→ Exercise prompt
Return the count of lines in the records that include the string "blast", and nothing besides it.

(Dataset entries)

==========

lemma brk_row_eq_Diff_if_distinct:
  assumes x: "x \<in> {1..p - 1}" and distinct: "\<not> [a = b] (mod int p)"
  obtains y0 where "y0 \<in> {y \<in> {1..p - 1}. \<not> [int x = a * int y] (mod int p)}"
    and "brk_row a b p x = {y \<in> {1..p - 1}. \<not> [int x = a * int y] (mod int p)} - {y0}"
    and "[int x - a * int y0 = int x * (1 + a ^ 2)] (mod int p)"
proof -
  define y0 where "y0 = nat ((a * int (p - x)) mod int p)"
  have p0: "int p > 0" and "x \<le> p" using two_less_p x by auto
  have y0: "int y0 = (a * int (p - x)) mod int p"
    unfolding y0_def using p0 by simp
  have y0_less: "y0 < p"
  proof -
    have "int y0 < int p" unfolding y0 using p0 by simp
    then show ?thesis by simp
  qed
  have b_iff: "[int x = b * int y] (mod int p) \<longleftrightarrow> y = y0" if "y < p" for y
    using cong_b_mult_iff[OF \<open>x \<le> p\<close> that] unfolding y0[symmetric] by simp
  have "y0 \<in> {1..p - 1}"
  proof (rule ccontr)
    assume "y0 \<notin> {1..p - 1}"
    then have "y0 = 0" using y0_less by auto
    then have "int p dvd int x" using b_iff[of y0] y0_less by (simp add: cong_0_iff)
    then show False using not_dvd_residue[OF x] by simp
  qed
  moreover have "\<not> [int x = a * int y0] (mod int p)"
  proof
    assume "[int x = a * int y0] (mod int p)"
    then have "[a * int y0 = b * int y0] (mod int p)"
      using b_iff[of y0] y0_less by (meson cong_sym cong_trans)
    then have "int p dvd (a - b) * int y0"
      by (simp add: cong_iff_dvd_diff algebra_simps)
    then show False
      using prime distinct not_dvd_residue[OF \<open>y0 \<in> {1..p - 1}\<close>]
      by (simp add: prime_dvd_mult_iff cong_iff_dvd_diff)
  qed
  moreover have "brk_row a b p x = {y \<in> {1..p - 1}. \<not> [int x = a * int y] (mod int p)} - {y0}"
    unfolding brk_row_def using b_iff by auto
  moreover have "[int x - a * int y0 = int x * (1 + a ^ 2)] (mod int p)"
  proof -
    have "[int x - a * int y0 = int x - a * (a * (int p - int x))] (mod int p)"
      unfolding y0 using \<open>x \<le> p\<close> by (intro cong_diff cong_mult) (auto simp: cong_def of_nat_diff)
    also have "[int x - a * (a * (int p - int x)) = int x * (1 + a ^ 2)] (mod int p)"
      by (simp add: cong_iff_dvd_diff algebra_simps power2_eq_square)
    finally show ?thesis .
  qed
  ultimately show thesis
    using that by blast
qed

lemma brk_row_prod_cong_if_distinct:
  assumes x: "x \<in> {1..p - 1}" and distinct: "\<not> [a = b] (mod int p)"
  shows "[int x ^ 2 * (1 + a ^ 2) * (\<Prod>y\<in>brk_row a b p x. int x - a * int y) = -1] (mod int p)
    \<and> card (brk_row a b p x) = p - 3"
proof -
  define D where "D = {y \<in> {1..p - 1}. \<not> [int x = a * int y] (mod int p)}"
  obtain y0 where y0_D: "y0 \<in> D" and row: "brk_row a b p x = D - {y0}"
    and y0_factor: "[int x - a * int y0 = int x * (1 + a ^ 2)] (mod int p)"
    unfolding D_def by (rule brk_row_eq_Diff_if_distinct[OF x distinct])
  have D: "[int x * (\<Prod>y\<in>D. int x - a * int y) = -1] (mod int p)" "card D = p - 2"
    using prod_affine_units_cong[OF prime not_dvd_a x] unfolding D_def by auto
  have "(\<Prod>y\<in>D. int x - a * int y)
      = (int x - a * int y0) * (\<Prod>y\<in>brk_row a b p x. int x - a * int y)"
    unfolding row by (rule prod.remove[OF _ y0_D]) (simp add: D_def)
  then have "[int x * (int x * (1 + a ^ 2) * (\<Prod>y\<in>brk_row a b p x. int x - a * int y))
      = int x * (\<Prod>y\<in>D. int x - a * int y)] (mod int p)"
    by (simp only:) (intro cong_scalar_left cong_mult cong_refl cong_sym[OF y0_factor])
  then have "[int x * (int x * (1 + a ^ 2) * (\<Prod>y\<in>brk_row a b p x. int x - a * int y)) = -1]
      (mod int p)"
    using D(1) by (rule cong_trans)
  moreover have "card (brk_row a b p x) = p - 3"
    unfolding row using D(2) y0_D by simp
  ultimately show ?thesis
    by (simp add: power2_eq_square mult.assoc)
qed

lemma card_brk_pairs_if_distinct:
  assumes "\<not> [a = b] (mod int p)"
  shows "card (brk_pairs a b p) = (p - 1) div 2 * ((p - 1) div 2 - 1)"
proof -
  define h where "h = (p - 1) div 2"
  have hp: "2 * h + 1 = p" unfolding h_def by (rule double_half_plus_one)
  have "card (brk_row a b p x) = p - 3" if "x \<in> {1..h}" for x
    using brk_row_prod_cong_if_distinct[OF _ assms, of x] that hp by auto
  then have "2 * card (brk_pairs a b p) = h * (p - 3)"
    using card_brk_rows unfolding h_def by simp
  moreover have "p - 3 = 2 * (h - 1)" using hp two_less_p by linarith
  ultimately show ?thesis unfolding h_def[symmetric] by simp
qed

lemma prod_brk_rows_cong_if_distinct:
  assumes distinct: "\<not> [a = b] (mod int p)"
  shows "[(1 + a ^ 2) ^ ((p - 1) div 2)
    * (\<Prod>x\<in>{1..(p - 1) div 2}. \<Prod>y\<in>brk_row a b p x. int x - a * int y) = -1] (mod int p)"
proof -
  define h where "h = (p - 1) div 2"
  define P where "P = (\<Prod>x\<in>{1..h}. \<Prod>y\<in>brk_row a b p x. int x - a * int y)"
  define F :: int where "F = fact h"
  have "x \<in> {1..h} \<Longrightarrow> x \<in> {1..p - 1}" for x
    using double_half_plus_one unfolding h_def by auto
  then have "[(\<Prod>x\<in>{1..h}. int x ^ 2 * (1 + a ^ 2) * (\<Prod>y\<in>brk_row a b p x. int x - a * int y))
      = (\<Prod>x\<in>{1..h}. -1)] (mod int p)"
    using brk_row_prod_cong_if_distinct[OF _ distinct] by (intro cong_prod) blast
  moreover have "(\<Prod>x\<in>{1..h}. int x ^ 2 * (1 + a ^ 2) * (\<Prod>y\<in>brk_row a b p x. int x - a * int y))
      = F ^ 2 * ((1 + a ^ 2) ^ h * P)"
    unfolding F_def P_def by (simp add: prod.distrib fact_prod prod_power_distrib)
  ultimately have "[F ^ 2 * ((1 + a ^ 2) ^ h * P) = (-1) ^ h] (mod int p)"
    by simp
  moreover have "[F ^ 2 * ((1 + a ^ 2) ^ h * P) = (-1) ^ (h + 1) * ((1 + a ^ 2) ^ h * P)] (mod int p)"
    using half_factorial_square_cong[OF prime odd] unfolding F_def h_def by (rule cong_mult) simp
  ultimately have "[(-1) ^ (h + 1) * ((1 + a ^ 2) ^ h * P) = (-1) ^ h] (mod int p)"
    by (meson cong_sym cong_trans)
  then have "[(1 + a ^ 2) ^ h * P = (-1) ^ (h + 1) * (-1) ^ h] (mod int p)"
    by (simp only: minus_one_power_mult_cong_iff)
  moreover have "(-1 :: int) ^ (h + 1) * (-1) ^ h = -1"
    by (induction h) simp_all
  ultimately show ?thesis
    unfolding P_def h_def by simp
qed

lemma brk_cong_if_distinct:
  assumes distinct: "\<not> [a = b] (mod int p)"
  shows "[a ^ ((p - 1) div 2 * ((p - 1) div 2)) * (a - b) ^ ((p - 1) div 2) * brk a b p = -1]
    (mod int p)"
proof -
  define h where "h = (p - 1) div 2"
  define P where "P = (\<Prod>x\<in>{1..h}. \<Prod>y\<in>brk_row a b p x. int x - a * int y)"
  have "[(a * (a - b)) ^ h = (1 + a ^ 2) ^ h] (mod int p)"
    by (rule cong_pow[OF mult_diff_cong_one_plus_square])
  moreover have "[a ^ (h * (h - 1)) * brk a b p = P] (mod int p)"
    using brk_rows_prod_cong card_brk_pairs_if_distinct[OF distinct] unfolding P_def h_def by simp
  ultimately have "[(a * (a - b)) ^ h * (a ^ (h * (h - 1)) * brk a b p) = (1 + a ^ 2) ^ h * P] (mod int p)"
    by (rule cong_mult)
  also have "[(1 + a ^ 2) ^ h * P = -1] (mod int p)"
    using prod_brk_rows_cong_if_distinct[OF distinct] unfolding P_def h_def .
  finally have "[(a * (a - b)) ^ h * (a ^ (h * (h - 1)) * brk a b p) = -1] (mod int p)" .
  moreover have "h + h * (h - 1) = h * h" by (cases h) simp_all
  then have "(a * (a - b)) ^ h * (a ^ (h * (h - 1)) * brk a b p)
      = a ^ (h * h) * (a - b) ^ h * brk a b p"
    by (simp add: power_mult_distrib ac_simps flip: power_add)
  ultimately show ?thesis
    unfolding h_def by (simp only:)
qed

==========

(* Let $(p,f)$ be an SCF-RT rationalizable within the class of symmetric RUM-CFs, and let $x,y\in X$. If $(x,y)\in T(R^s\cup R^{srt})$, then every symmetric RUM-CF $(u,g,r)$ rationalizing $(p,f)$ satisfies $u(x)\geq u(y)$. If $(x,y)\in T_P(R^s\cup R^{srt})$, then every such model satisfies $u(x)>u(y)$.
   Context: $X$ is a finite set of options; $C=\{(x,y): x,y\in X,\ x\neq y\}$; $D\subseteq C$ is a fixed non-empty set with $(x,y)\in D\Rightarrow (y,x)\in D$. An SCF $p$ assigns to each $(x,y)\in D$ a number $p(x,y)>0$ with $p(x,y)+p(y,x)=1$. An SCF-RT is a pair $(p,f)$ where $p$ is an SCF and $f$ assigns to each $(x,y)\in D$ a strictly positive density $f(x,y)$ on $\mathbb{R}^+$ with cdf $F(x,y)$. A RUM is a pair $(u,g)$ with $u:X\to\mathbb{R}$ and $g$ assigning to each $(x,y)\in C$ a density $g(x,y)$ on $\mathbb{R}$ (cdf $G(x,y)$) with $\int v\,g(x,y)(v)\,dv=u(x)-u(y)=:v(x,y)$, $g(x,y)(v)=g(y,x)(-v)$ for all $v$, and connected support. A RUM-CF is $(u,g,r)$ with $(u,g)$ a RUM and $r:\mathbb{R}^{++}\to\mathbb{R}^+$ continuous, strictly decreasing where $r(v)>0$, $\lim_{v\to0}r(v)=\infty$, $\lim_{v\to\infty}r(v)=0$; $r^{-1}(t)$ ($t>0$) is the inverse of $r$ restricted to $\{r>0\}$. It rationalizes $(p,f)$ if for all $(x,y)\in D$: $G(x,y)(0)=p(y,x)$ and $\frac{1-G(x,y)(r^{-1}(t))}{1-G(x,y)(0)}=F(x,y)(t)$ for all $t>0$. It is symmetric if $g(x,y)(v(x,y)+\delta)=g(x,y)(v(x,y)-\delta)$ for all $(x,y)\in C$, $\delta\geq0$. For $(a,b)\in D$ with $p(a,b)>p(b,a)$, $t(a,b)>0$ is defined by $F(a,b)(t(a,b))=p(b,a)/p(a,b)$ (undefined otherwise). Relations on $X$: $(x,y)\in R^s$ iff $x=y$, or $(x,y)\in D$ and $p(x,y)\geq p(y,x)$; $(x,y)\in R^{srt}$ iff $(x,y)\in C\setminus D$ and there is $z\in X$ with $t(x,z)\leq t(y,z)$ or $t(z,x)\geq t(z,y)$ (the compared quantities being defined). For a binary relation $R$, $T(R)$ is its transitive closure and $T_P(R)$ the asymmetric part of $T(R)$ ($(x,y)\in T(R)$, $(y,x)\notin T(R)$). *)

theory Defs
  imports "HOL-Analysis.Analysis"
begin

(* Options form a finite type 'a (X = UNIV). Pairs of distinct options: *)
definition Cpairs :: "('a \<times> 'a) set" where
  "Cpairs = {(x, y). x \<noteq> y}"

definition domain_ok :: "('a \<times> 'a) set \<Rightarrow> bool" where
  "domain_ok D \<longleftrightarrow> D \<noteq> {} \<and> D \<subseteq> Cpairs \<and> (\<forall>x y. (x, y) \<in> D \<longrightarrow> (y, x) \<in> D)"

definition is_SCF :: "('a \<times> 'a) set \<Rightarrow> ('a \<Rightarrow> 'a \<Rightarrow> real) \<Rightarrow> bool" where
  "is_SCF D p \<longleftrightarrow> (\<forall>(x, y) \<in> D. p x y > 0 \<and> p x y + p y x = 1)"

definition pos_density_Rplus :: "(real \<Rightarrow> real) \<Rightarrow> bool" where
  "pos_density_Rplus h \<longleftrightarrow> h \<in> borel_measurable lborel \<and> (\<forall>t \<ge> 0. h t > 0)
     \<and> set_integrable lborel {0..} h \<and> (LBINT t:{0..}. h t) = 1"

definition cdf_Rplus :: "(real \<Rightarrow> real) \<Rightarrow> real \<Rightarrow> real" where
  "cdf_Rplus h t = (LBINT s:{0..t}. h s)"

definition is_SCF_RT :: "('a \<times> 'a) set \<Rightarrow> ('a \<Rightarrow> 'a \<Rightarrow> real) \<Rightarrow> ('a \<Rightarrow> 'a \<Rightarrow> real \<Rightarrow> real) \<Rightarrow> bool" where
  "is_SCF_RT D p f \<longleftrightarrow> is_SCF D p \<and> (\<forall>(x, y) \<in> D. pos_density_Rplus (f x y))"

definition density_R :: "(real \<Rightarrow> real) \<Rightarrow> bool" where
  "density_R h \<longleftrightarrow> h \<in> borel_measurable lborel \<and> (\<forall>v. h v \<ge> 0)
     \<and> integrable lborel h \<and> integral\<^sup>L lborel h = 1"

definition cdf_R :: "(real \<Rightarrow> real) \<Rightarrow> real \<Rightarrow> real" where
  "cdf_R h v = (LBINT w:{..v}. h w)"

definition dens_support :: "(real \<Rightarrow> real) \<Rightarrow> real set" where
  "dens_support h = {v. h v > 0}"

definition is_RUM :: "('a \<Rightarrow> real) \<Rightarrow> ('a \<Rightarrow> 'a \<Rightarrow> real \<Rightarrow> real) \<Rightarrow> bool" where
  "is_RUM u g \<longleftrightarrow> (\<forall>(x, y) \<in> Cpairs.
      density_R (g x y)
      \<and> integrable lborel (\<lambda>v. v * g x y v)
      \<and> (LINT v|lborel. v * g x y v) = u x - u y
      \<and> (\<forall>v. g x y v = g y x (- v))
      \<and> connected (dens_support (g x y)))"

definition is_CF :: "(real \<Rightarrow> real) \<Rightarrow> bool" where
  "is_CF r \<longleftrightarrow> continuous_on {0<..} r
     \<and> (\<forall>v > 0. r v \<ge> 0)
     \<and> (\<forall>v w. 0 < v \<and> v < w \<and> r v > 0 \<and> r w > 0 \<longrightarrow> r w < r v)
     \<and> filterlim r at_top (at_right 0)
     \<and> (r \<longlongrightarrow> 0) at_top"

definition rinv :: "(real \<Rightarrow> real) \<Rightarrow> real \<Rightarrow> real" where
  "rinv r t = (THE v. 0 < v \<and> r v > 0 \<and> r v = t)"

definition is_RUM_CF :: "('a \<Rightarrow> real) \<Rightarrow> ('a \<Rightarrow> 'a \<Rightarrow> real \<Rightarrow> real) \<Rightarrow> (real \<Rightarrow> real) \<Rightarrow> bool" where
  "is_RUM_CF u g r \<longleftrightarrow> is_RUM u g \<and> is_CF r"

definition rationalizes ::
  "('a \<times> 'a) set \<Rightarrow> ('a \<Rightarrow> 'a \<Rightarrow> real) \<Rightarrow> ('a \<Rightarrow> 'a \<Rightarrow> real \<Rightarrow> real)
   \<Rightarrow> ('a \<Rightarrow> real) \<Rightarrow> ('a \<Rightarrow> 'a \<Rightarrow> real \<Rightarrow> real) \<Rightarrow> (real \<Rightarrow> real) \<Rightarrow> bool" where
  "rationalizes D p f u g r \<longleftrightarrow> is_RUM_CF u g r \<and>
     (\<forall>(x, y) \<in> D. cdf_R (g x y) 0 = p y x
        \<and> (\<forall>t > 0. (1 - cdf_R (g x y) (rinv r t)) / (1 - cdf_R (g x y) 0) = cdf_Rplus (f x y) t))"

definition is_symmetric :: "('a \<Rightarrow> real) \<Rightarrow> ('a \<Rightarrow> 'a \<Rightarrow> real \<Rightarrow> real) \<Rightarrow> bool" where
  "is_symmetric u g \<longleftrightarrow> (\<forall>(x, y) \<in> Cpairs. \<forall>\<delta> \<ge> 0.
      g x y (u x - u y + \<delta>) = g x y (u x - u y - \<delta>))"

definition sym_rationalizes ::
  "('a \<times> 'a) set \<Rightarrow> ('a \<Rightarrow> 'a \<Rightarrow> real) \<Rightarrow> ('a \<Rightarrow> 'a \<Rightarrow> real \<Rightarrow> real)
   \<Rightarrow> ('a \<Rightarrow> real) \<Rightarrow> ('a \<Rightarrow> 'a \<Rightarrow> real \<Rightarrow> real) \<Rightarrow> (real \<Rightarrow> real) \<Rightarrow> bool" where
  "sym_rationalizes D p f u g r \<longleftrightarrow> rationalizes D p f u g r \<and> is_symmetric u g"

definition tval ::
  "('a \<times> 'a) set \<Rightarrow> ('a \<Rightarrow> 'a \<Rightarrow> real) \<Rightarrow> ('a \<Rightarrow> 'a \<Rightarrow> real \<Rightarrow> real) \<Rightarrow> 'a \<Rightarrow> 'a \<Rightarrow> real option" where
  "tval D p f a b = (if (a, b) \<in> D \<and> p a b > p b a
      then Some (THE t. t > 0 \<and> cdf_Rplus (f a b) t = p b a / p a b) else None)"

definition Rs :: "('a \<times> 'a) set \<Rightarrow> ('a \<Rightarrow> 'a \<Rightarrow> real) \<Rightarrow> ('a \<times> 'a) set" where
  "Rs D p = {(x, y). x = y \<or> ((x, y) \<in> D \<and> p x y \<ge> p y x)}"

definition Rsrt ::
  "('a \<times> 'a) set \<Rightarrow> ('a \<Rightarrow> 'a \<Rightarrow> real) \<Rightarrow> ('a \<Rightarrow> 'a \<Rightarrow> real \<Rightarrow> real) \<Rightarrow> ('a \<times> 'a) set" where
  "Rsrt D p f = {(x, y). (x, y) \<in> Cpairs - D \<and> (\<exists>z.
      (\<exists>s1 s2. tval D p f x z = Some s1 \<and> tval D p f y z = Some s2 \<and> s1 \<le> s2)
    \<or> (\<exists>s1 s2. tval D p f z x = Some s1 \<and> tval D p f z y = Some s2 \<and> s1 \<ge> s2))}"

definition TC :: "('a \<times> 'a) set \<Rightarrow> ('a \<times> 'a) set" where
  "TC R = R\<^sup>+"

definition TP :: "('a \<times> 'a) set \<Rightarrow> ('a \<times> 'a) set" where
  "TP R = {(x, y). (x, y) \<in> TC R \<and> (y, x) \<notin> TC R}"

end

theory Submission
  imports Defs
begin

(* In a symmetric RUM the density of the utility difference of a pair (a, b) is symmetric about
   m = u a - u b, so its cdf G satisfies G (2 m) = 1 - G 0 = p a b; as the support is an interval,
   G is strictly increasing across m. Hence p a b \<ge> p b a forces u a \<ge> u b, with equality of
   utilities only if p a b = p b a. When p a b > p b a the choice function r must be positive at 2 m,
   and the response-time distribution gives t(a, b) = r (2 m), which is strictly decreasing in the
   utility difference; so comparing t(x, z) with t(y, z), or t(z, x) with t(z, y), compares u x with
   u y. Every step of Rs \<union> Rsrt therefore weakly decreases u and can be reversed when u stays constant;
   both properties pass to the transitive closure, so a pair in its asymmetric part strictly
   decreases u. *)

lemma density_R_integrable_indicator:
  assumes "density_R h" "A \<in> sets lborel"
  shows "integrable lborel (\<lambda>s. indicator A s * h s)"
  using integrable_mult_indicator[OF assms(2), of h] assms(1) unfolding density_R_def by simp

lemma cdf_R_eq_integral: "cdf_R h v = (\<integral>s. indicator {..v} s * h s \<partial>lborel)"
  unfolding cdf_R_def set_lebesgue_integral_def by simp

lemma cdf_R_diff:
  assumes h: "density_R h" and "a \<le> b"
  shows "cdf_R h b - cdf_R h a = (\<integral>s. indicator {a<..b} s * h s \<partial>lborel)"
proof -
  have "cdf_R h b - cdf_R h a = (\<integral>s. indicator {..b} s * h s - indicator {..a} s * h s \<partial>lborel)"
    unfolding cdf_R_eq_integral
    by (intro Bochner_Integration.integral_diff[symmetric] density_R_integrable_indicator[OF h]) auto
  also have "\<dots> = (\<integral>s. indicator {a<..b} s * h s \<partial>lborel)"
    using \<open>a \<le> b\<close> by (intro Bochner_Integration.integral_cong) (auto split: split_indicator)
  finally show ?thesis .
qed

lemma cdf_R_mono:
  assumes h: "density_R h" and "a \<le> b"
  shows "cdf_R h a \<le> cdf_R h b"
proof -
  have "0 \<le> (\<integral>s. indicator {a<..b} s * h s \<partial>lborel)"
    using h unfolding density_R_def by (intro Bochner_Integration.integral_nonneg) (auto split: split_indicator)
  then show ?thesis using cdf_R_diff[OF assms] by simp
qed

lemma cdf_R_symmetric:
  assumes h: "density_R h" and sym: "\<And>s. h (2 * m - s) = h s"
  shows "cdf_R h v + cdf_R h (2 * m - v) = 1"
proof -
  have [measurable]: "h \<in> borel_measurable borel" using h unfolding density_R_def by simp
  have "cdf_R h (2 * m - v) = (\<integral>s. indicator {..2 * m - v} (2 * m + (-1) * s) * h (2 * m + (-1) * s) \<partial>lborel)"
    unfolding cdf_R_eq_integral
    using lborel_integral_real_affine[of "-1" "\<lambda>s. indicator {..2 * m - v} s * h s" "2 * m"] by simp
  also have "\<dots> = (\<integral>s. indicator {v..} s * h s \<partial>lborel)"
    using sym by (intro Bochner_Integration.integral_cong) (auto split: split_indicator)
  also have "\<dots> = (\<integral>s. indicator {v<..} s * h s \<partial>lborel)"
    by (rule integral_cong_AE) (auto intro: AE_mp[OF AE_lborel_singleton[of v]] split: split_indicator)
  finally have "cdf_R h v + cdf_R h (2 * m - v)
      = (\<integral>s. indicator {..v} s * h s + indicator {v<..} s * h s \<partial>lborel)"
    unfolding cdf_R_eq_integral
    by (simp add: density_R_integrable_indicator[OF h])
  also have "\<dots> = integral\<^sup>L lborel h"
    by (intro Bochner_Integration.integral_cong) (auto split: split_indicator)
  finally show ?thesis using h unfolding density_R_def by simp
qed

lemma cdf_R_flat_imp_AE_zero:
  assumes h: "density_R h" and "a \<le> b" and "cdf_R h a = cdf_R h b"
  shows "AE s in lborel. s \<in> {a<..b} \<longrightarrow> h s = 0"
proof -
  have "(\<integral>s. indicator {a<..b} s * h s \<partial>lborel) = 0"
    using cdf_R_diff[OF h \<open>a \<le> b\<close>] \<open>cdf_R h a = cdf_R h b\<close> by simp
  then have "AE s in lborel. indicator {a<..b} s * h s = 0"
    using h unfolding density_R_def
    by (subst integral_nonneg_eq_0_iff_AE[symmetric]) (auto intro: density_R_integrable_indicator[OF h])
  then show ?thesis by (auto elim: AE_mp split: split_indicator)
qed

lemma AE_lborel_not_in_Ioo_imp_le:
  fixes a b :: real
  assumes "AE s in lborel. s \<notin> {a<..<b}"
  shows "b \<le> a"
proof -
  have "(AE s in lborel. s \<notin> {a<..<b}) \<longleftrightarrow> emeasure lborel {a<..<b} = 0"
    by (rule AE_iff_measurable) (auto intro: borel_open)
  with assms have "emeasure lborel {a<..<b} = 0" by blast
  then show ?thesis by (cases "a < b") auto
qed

==========

→ Result
3